_What to do_: Please repeat all of the records, keeping every word unchanged.

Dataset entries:
lemma prob_has_unique_nearest: "prob (nearest_event UNIV) = 1"
proof -
  have "prob (space M - nearest_event UNIV) \<le> 0"
  proof (rule LIMSEQ_le_const)
    show "(\<lambda>n. (1 + pi^2) / real n) \<longlonglongrightarrow> 0"
      by (rule lim_const_over_n)
    show "\<exists>N. \<forall>n\<ge>N. prob (space M - nearest_event UNIV) \<le> (1 + pi^2) / real n"
      using prob_not_has_unique_nearest_le by (intro exI[of _ 1]) auto
  qed
  then show ?thesis
    using prob_compl[OF nearest_event_sets[of UNIV]] prob_le_1[of "nearest_event UNIV"] by simp
qed

lemma nearest_event_annulus_subset:
  assumes h: "0 < h"
  shows "nearest_event (U \<inter> annulus h k) \<subseteq>
     {\<omega> \<in> space M. card (Pts \<omega> \<inter> disc (real k * h)) = 0 \<and> card (Pts \<omega> \<inter> (U \<inter> annulus h k)) \<noteq> 0}"
proof
  fix \<omega> assume \<omega>: "\<omega> \<in> nearest_event (U \<inter> annulus h k)"
  define c where "c = nearest_to_origin (Pts \<omega>)"
  have c: "c \<in> Pts \<omega>" "c \<in> U \<inter> annulus h k" "\<And>p. p \<in> Pts \<omega> \<Longrightarrow> norm c \<le> norm p"
    using \<omega> has_unique_nearestD[of "Pts \<omega>"] unfolding nearest_event_def c_def by auto
  have "Pts \<omega> \<inter> disc (real k * h) = {}"
  proof (rule ccontr)
    assume "Pts \<omega> \<inter> disc (real k * h) \<noteq> {}"
    then obtain p where p: "p \<in> Pts \<omega>" "(norm p)^2 < real k * h"
      unfolding disc_def by auto
    have "(norm c)^2 \<le> (norm p)^2"
      using c(3)[OF p(1)] by (simp add: power_mono)
    moreover have "real k * h \<le> (norm c)^2"
      using c(2) by (simp add: annulus_def)
    ultimately show False
      using p(2) by linarith
  qed
  moreover have "finite (Pts \<omega> \<inter> (U \<inter> annulus h k))"
    using \<omega> h bounded_annulus[of h k] unfolding nearest_event_def
    by (auto intro: locally_finite bounded_subset)
  then have "card (Pts \<omega> \<inter> (U \<inter> annulus h k)) \<noteq> 0"
    using c(1,2) by auto
  ultimately show "\<omega> \<in> {\<omega> \<in> space M. card (Pts \<omega> \<inter> disc (real k * h)) = 0 \<and>
      card (Pts \<omega> \<inter> (U \<inter> annulus h k)) \<noteq> 0}"
    using \<omega> unfolding nearest_event_def by simp
qed

text \<open>The nearest point lies in \<open>A = U \<inter> annulus h k\<close> only if the disc inside the annulus is empty
  and \<open>A\<close> is not; by independence this has probability
  \<open>exp (- pi k h) (1 - exp (- |A|)) \<le> exp (- pi k h) |A|\<close>, while the density of \<open>nearest_law\<close> is
  at least \<open>exp (- pi (k + 1) h)\<close> on \<open>A\<close>.\<close>

lemma emeasure_nearest_event_annulus_le:
  assumes U: "U \<in> sets borel" and h: "0 < h"
  shows "emeasure M (nearest_event (U \<inter> annulus h k)) \<le>
      ennreal (exp (pi * h)) * emeasure nearest_law (U \<inter> annulus h k)"
proof -
  define A where "A = U \<inter> annulus h k"
  have A: "A \<in> sets borel" "bounded A"
    unfolding A_def using U h bounded_annulus[of h k] by (auto intro: bounded_subset)
  have disc: "disc (real k * h) \<in> sets borel" "bounded (disc (real k * h))"
    using bounded_disc by auto
  have disjoint: "disc (real k * h) \<inter> A = {}"
    unfolding A_def annulus_def disc_def by auto
  define x where "x = measure lborel A"
  have "emeasure lborel A = ennreal x"
    unfolding x_def using emeasure_bounded_finite[OF A(2)] by (intro emeasure_eq_ennreal_measure) auto
  have "{\<omega> \<in> space M. card (Pts \<omega> \<inter> disc (real k * h)) = 0 \<and> card (Pts \<omega> \<inter> A) \<noteq> 0} =
      {\<omega> \<in> space M. card (Pts \<omega> \<inter> disc (real k * h)) = 0} \<inter> {\<omega> \<in> space M. card (Pts \<omega> \<inter> A) \<noteq> 0}"
    by auto
  then have event: "{\<omega> \<in> space M. card (Pts \<omega> \<inter> disc (real k * h)) = 0 \<and> card (Pts \<omega> \<inter> A) \<noteq> 0} \<in> events"
    using count_event_sets[OF disc, of "\<lambda>n. n = 0"] count_event_sets[OF A, of "\<lambda>n. n \<noteq> 0"] by auto
  have "emeasure M (nearest_event A) \<le>
      emeasure M {\<omega> \<in> space M. card (Pts \<omega> \<inter> disc (real k * h)) = 0 \<and> card (Pts \<omega> \<inter> A) \<noteq> 0}"
    using nearest_event_annulus_subset[OF h, of U k] event unfolding A_def by (intro emeasure_mono) auto
  also have "\<dots> = ennreal (exp (- (pi * (real k * h))) * (1 - exp (- x)))"
    using prob_void_nonvoid[OF disc A disjoint] measure_disc[of "real k * h"] h
    unfolding x_def by (simp add: emeasure_eq_measure)
  also have "\<dots> \<le> ennreal (exp (- (pi * (real k * h))) * x)"
    using exp_ge_add_one_self[of "- x"] by (intro ennreal_leI mult_left_mono) auto
  also have "exp (- (pi * (real k * h))) * x = exp (pi * h) * (exp (- pi * (real (Suc k) * h)) * x)"
  proof -
    have "exp (pi * h) * exp (- pi * (real (Suc k) * h)) = exp (- (pi * (real k * h)))"
      by (simp add: exp_add[symmetric] algebra_simps)
    then show ?thesis
      by (metis mult.assoc)
  qed
  also have "ennreal \<dots> = ennreal (exp (pi * h)) * (ennreal (exp (- pi * (real (Suc k) * h))) * emeasure lborel A)"
    using \<open>emeasure lborel A = ennreal x\<close> x_def by (simp add: ennreal_mult')
  also have "\<dots> \<le> ennreal (exp (pi * h)) * emeasure nearest_law A"
    using A(1) by (intro mult_left_mono emeasure_nearest_law_ge) (auto simp: A_def annulus_def)
  finally show ?thesis
    unfolding A_def .
qed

_Reply to the task_:
lemma prob_has_unique_nearest: "prob (nearest_event UNIV) = 1"
proof -
  have "prob (space M - nearest_event UNIV) \<le> 0"
  proof (rule LIMSEQ_le_const)
    show "(\<lambda>n. (1 + pi^2) / real n) \<longlonglongrightarrow> 0"
      by (rule lim_const_over_n)
    show "\<exists>N. \<forall>n\<ge>N. prob (space M - nearest_event UNIV) \<le> (1 + pi^2) / real n"
      using prob_not_has_unique_nearest_le by (intro exI[of _ 1]) auto
  qed
  then show ?thesis
    using prob_compl[OF nearest_event_sets[of UNIV]] prob_le_1[of "nearest_event UNIV"] by simp
qed

lemma nearest_event_annulus_subset:
  assumes h: "0 < h"
  shows "nearest_event (U \<inter> annulus h k) \<subseteq>
     {\<omega> \<in> space M. card (Pts \<omega> \<inter> disc (real k * h)) = 0 \<and> card (Pts \<omega> \<inter> (U \<inter> annulus h k)) \<noteq> 0}"
proof
  fix \<omega> assume \<omega>: "\<omega> \<in> nearest_event (U \<inter> annulus h k)"
  define c where "c = nearest_to_origin (Pts \<omega>)"
  have c: "c \<in> Pts \<omega>" "c \<in> U \<inter> annulus h k" "\<And>p. p \<in> Pts \<omega> \<Longrightarrow> norm c \<le> norm p"
    using \<omega> has_unique_nearestD[of "Pts \<omega>"] unfolding nearest_event_def c_def by auto
  have "Pts \<omega> \<inter> disc (real k * h) = {}"
  proof (rule ccontr)
    assume "Pts \<omega> \<inter> disc (real k * h) \<noteq> {}"
    then obtain p where p: "p \<in> Pts \<omega>" "(norm p)^2 < real k * h"
      unfolding disc_def by auto
    have "(norm c)^2 \<le> (norm p)^2"
      using c(3)[OF p(1)] by (simp add: power_mono)
    moreover have "real k * h \<le> (norm c)^2"
      using c(2) by (simp add: annulus_def)
    ultimately show False
      using p(2) by linarith
  qed
  moreover have "finite (Pts \<omega> \<inter> (U \<inter> annulus h k))"
    using \<omega> h bounded_annulus[of h k] unfolding nearest_event_def
    by (auto intro: locally_finite bounded_subset)
  then have "card (Pts \<omega> \<inter> (U \<inter> annulus h k)) \<noteq> 0"
    using c(1,2) by auto
  ultimately show "\<omega> \<in> {\<omega> \<in> space M. card (Pts \<omega> \<inter> disc (real k * h)) = 0 \<and>
      card (Pts \<omega> \<inter> (U \<inter> annulus h k)) \<noteq> 0}"
    using \<omega> unfolding nearest_event_def by simp
qed

text \<open>The nearest point lies in \<open>A = U \<inter> annulus h k\<close> only if the disc inside the annulus is empty
  and \<open>A\<close> is not; by independence this has probability
  \<open>exp (- pi k h) (1 - exp (- |A|)) \<le> exp (- pi k h) |A|\<close>, while the density of \<open>nearest_law\<close> is
  at least \<open>exp (- pi (k + 1) h)\<close> on \<open>A\<close>.\<close>

lemma emeasure_nearest_event_annulus_le:
  assumes U: "U \<in> sets borel" and h: "0 < h"
  shows "emeasure M (nearest_event (U \<inter> annulus h k)) \<le>
      ennreal (exp (pi * h)) * emeasure nearest_law (U \<inter> annulus h k)"
proof -
  define A where "A = U \<inter> annulus h k"
  have A: "A \<in> sets borel" "bounded A"
    unfolding A_def using U h bounded_annulus[of h k] by (auto intro: bounded_subset)
  have disc: "disc (real k * h) \<in> sets borel" "bounded (disc (real k * h))"
    using bounded_disc by auto
  have disjoint: "disc (real k * h) \<inter> A = {}"
    unfolding A_def annulus_def disc_def by auto
  define x where "x = measure lborel A"
  have "emeasure lborel A = ennreal x"
    unfolding x_def using emeasure_bounded_finite[OF A(2)] by (intro emeasure_eq_ennreal_measure) auto
  have "{\<omega> \<in> space M. card (Pts \<omega> \<inter> disc (real k * h)) = 0 \<and> card (Pts \<omega> \<inter> A) \<noteq> 0} =
      {\<omega> \<in> space M. card (Pts \<omega> \<inter> disc (real k * h)) = 0} \<inter> {\<omega> \<in> space M. card (Pts \<omega> \<inter> A) \<noteq> 0}"
    by auto
  then have event: "{\<omega> \<in> space M. card (Pts \<omega> \<inter> disc (real k * h)) = 0 \<and> card (Pts \<omega> \<inter> A) \<noteq> 0} \<in> events"
    using count_event_sets[OF disc, of "\<lambda>n. n = 0"] count_event_sets[OF A, of "\<lambda>n. n \<noteq> 0"] by auto
  have "emeasure M (nearest_event A) \<le>
      emeasure M {\<omega> \<in> space M. card (Pts \<omega> \<inter> disc (real k * h)) = 0 \<and> card (Pts \<omega> \<inter> A) \<noteq> 0}"
    using nearest_event_annulus_subset[OF h, of U k] event unfolding A_def by (intro emeasure_mono) auto
  also have "\<dots> = ennreal (exp (- (pi * (real k * h))) * (1 - exp (- x)))"
    using prob_void_nonvoid[OF disc A disjoint] measure_disc[of "real k * h"] h
    unfolding x_def by (simp add: emeasure_eq_measure)
  also have "\<dots> \<le> ennreal (exp (- (pi * (real k * h))) * x)"
    using exp_ge_add_one_self[of "- x"] by (intro ennreal_leI mult_left_mono) auto
  also have "exp (- (pi * (real k * h))) * x = exp (pi * h) * (exp (- pi * (real (Suc k) * h)) * x)"
  proof -
    have "exp (pi * h) * exp (- pi * (real (Suc k) * h)) = exp (- (pi * (real k * h)))"
      by (simp add: exp_add[symmetric] algebra_simps)
    then show ?thesis
      by (metis mult.assoc)
  qed
  also have "ennreal \<dots> = ennreal (exp (pi * h)) * (ennreal (exp (- pi * (real (Suc k) * h))) * emeasure lborel A)"
    using \<open>emeasure lborel A = ennreal x\<close> x_def by (simp add: ennreal_mult')
  also have "\<dots> \<le> ennreal (exp (pi * h)) * emeasure nearest_law A"
    using A(1) by (intro mult_left_mono emeasure_nearest_law_ge) (auto simp: A_def annulus_def)
  finally show ?thesis
    unfolding A_def .
qed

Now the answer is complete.